─── THE RECORDS
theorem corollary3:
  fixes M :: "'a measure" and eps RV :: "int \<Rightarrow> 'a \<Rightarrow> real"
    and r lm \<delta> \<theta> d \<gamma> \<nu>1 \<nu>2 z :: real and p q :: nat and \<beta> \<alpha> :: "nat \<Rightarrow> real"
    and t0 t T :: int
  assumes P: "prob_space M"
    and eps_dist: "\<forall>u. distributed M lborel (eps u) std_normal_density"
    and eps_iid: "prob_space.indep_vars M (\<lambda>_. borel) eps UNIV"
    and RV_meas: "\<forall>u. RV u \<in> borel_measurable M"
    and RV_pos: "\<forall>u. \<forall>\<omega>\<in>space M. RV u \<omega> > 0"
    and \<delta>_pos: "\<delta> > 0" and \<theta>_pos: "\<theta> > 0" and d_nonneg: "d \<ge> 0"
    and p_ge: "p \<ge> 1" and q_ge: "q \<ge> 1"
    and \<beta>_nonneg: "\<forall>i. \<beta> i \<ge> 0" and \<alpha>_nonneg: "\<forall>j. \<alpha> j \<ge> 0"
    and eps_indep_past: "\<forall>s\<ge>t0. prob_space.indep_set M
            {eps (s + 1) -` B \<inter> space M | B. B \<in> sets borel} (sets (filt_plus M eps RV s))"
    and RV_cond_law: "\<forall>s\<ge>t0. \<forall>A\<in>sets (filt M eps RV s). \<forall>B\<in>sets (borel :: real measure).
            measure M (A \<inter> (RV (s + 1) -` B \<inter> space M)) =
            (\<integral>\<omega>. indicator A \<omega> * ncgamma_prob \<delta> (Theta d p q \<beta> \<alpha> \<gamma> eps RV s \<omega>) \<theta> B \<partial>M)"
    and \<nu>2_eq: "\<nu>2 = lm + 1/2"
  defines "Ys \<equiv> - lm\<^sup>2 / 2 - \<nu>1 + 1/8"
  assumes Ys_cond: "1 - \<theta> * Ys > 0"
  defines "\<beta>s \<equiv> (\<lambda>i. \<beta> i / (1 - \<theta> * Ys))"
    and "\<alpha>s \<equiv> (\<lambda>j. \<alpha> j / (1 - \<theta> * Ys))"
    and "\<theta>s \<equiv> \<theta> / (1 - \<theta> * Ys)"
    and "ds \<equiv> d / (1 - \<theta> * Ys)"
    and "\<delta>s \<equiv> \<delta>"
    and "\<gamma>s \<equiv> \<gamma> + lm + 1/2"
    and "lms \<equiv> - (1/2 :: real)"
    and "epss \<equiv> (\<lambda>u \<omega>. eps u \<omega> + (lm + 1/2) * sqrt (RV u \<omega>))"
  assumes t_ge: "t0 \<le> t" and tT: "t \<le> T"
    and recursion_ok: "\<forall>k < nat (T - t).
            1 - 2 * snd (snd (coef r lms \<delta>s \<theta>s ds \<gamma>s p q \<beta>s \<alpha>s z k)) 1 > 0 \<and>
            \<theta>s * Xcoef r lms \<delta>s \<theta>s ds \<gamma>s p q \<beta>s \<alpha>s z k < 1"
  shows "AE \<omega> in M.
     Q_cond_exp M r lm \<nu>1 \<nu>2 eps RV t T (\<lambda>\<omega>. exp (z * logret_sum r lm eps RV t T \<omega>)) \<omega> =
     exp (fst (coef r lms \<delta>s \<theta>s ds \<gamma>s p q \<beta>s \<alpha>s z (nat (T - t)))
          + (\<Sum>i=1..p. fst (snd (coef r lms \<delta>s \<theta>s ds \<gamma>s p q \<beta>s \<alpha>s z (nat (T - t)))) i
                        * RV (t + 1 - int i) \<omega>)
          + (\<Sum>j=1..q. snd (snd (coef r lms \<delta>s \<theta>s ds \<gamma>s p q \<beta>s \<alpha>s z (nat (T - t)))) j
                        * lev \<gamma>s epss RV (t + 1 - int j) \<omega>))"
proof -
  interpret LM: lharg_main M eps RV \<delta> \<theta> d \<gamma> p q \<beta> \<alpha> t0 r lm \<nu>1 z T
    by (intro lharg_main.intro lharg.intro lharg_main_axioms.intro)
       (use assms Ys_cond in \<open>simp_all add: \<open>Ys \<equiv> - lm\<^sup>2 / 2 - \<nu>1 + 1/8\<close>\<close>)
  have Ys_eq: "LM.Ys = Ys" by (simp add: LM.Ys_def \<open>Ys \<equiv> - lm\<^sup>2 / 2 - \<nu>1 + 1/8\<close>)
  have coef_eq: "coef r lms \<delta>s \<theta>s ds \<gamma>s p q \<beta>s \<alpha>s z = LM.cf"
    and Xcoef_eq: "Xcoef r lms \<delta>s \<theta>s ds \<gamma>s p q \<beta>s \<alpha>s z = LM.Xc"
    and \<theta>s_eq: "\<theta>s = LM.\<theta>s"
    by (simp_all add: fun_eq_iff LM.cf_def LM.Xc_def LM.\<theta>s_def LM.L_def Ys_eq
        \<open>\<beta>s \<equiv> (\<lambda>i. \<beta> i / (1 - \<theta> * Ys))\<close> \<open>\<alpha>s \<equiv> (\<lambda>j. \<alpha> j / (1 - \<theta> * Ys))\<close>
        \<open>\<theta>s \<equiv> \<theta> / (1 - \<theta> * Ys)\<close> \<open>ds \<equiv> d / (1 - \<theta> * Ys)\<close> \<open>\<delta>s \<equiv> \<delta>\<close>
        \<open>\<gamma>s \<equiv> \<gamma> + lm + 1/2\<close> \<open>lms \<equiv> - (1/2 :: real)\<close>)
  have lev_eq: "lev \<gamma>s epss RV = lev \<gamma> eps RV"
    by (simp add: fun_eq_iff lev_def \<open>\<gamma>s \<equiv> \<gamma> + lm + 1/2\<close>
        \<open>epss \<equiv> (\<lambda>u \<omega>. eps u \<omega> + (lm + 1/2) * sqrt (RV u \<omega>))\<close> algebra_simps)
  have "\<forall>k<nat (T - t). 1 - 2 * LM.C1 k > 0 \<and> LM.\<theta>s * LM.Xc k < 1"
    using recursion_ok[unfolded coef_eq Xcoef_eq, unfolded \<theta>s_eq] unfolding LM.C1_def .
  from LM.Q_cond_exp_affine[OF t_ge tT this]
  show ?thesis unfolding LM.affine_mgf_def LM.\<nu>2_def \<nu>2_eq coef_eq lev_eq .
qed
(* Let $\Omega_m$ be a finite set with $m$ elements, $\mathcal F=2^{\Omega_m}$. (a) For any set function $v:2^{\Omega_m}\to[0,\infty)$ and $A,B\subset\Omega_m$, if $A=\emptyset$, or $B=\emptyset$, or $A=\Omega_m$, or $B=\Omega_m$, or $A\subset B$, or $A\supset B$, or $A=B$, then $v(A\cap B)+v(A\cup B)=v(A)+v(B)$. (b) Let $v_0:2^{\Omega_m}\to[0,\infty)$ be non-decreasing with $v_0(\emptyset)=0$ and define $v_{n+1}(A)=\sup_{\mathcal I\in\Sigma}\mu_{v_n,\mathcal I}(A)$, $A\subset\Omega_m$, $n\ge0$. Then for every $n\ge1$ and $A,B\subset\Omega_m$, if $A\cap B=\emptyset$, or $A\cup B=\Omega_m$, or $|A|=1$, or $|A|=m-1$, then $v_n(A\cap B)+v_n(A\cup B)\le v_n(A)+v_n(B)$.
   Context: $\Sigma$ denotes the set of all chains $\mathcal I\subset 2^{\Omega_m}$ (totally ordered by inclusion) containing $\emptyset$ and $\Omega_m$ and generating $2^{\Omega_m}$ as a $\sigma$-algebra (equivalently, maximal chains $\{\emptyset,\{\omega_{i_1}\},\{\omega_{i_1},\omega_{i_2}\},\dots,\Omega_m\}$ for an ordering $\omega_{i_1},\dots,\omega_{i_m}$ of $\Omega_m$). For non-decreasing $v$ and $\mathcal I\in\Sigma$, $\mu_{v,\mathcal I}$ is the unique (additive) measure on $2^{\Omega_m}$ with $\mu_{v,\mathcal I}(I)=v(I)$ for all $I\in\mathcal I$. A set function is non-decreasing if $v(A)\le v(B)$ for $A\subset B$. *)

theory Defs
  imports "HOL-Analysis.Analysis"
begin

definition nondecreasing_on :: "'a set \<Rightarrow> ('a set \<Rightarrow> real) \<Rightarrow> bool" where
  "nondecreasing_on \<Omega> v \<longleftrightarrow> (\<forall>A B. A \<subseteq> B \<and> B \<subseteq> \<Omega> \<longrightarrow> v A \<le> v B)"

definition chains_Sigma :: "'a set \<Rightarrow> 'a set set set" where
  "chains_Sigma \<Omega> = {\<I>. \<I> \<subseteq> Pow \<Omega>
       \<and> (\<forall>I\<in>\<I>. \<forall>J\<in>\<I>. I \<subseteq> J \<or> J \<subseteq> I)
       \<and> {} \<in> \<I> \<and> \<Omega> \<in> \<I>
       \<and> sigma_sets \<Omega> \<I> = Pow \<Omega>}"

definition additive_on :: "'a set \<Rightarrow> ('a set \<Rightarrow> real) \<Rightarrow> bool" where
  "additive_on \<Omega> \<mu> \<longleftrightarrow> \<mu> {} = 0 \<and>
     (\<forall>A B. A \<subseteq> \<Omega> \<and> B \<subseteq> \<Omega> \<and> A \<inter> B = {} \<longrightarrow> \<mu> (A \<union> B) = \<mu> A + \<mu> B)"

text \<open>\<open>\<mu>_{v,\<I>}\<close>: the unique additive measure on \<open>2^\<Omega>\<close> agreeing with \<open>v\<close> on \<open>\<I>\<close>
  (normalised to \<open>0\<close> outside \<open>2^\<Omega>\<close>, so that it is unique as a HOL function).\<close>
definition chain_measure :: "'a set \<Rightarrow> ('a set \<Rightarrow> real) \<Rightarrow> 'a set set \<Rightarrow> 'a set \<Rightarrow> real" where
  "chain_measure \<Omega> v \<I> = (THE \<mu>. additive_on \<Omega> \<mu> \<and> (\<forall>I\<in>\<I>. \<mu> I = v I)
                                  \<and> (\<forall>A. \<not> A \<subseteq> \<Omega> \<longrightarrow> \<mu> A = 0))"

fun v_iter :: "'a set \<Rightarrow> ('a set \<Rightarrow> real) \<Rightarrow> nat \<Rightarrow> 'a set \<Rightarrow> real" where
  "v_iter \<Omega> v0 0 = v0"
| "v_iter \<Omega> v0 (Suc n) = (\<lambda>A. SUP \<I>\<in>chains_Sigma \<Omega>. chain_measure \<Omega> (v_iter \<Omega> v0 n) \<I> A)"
──────
## TASK TO CARRY OUT:
Beginning at the opening line of the data, transcribe each line exactly until you reach the line with "< nat (T - t).", which you also include, and go no further.

## SOLUTION TO THIS TASK:
theorem corollary3:
  fixes M :: "'a measure" and eps RV :: "int \<Rightarrow> 'a \<Rightarrow> real"
    and r lm \<delta> \<theta> d \<gamma> \<nu>1 \<nu>2 z :: real and p q :: nat and \<beta> \<alpha> :: "nat \<Rightarrow> real"
    and t0 t T :: int
  assumes P: "prob_space M"
    and eps_dist: "\<forall>u. distributed M lborel (eps u) std_normal_density"
    and eps_iid: "prob_space.indep_vars M (\<lambda>_. borel) eps UNIV"
    and RV_meas: "\<forall>u. RV u \<in> borel_measurable M"
    and RV_pos: "\<forall>u. \<forall>\<omega>\<in>space M. RV u \<omega> > 0"
    and \<delta>_pos: "\<delta> > 0" and \<theta>_pos: "\<theta> > 0" and d_nonneg: "d \<ge> 0"
    and p_ge: "p \<ge> 1" and q_ge: "q \<ge> 1"
    and \<beta>_nonneg: "\<forall>i. \<beta> i \<ge> 0" and \<alpha>_nonneg: "\<forall>j. \<alpha> j \<ge> 0"
    and eps_indep_past: "\<forall>s\<ge>t0. prob_space.indep_set M
            {eps (s + 1) -` B \<inter> space M | B. B \<in> sets borel} (sets (filt_plus M eps RV s))"
    and RV_cond_law: "\<forall>s\<ge>t0. \<forall>A\<in>sets (filt M eps RV s). \<forall>B\<in>sets (borel :: real measure).
            measure M (A \<inter> (RV (s + 1) -` B \<inter> space M)) =
            (\<integral>\<omega>. indicator A \<omega> * ncgamma_prob \<delta> (Theta d p q \<beta> \<alpha> \<gamma> eps RV s \<omega>) \<theta> B \<partial>M)"
    and \<nu>2_eq: "\<nu>2 = lm + 1/2"
  defines "Ys \<equiv> - lm\<^sup>2 / 2 - \<nu>1 + 1/8"
  assumes Ys_cond: "1 - \<theta> * Ys > 0"
  defines "\<beta>s \<equiv> (\<lambda>i. \<beta> i / (1 - \<theta> * Ys))"
    and "\<alpha>s \<equiv> (\<lambda>j. \<alpha> j / (1 - \<theta> * Ys))"
    and "\<theta>s \<equiv> \<theta> / (1 - \<theta> * Ys)"
    and "ds \<equiv> d / (1 - \<theta> * Ys)"
    and "\<delta>s \<equiv> \<delta>"
    and "\<gamma>s \<equiv> \<gamma> + lm + 1/2"
    and "lms \<equiv> - (1/2 :: real)"
    and "epss \<equiv> (\<lambda>u \<omega>. eps u \<omega> + (lm + 1/2) * sqrt (RV u \<omega>))"
  assumes t_ge: "t0 \<le> t" and tT: "t \<le> T"
    and recursion_ok: "\<forall>k < nat (T - t).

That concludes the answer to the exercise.